A propos de l’article « Le Setting Transculturel en pédopsychiatrie » Bruno Lemoine et Laurence Roubaud, Perspective Psy, 2005/1, Vol44, pages 38 à 43.

Le setting transculturel en pédopsychiatrie s’inscrit dans la nécessité de repenser le cadre thérapeutique face à l’augmentation des situations cliniques impliquant des enfants et des familles issus de la migration. Les modèles classiques de la pédopsychiatrie occidentale, fondés sur des références culturelles implicites, montrent leurs limites lorsqu’ils sont appliqués à des patients dont les représentations de la maladie, du développement de l’enfant, du soin et de la parentalité diffèrent profondément.
Les auteurs nous explique pourquoi le setting transculturel ne se réduit pas à une simple adaptation technique ou linguistique du soin. Mais il constitue un dispositif clinique à part entière, visant à accueillir la pluralité des systèmes symboliques et explicatifs mobilisés par les familles. La souffrance psychique de l’enfant y est envisagée non seulement comme une expression individuelle, mais comme un phénomène inscrit dans une histoire familiale, culturelle et migratoire. Les symptômes peuvent ainsi être porteurs de significations multiples, relevant à la fois de la psychopathologie, du traumatisme, des ruptures liées à l’exil et des conflits de cadres culturels.

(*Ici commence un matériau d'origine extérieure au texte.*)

lemma kron_middle_entry: "kron_middle A B $ (r, (x, y)) $ (j1, j2) = A $ x $ j1 * B $ (r, y) $ j2"
  by (simp add: kron_middle_def)
lemma kron_id_mult_kron_middle:
  "kron (mat 1) (kron (mat 1) W) ** kron_middle A B = kron_middle A (kron (mat 1) W ** B)"
proof -
  have "(kron (mat 1) (kron (mat 1) W) ** kron_middle A B) $ (r, (x, y)) $ (j1, j2)
      = (\<Sum>x'\<in>UNIV. \<Sum>y'\<in>UNIV. if x = x' then W $ y $ y' * (A $ x' $ j1 * B $ (r, y') $ j2) else 0)"
    for r x y j1 j2
    unfolding kron_id_mult_entry by (simp add: sum_UNIV_prod kron_middle_entry kron_def mat_def
        if_distrib[of "\<lambda>x. x * _"] if_distrib[of "\<lambda>x. _ * x"] cong: if_cong)
  then show ?thesis
    by (simp add: vec_eq_iff split_paired_All sum_if_const_cond kron_id_mult_entry kron_middle_entry
        sum_distrib_left algebra_simps)
qed
lemma sifted_kraus_eq_kron_middle:
  "sifted_kraus QA QB Ks k a b
     = (if (a, b) \<in> Ks then kron_middle (ann_kraus QA a) (key_record (k a b) (ann_kraus QB b)) else 0)"
proof -
  have "sifted_kraus QA QB Ks k a b $ (r, (((ha, sa), oa), ((hb, sb), ob))) $ (ja, jb)
      = (if (a, b) \<in> Ks then kron_middle (ann_kraus QA a) (key_record (k a b) (ann_kraus QB b)) else 0)
          $ (r, (((ha, sa), oa), ((hb, sb), ob))) $ (ja, jb)" for r ha sa oa hb sb ob ja jb
  proof -
    let ?X = "(((ha, sa), oa), ((hb, sb), ob))"
    have "sifted_kraus QA QB Ks k a b $ (r, ?X) $ (ja, jb)
        = (if (sa, sb) \<in> Ks \<and> r = k sa sb ob then 1 else 0) *
          (sift_proj Ks ** kron (ann_kraus QA a) (ann_kraus QB b)) $ ?X $ (ja, jb)"
      unfolding sifted_kraus_def matrix_mul_assoc[symmetric]
      by (rule row_delta_mult) (auto simp: key_op_entry)
    also have "(sift_proj Ks ** kron (ann_kraus QA a) (ann_kraus QB b)) $ ?X $ (ja, jb)
        = (if (sa, sb) \<in> Ks then 1 else 0) * kron (ann_kraus QA a) (ann_kraus QB b) $ ?X $ (ja, jb)"
      by (rule row_delta_mult) (auto simp: split_paired_all sift_proj_entry)
    finally show ?thesis
      by (auto simp: kron_def ann_kraus_entry kron_middle_def key_record_def)
  qed
  then show ?thesis by (simp add: vec_eq_iff split_paired_All)
qed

La place accordée à la famille est centrale. Dans de nombreux contextes culturels, l’enfant n’est pas pensé comme un sujet autonome, mais comme un être fondamentalement inscrit dans un réseau de relations et d’appartenances. Le setting transculturel privilégie donc une approche groupale et familiale, permettant de faire émerger les récits, les croyances et les théories étiologiques propres aux parents. Cette démarche favorise la reconnaissance des compétences parentales, souvent fragilisées par l’expérience migratoire, et contribue à restaurer une continuité symbolique entre les générations.
Le travail en équipe occupe une fonction essentielle dans ce dispositif. La pluralité des regards professionnels, associée parfois à la présence d’un interprète ou d’un médiateur culturel, permet de contenir la complexité clinique et d’éviter les interprétations réductrices ou ethnocentriques. Le cadre groupal agit comme un espace de pensée partagé, où les hypothèses cliniques peuvent être élaborées collectivement et où les projections culturelles des soignants sont elles-mêmes interrogées.
La question du cadre thérapeutique est pensée en termes de souplesse et d’adaptabilité. Il ne repose pas sur des règles figées, mais sur une capacité à ajuster les modalités de rencontre, la temporalité et la place de chacun en fonction des besoins de la situation clinique. Cette flexibilité permet de soutenir l’alliance thérapeutique, de favoriser l’expression des affects et de donner du sens aux manifestations symptomatiques de l’enfant.
Le setting transculturel apparaît comme un outil de médiation entre différents univers culturels. Il offre un espace où peuvent se rencontrer les logiques du soin occidental et les systèmes de pensée des familles, sans hiérarchisation ni disqualification. Cette articulation favorise les processus de subjectivation de l’enfant et contribue à une prise en charge plus juste, respectueuse et efficace de la souffrance psychique dans un contexte de pluralité culturelle.
A nous de (re)penser nos espaces de soin, comme des espaces ouverts et disponibles à la pluriculturalité des symptômes et de leurs sens.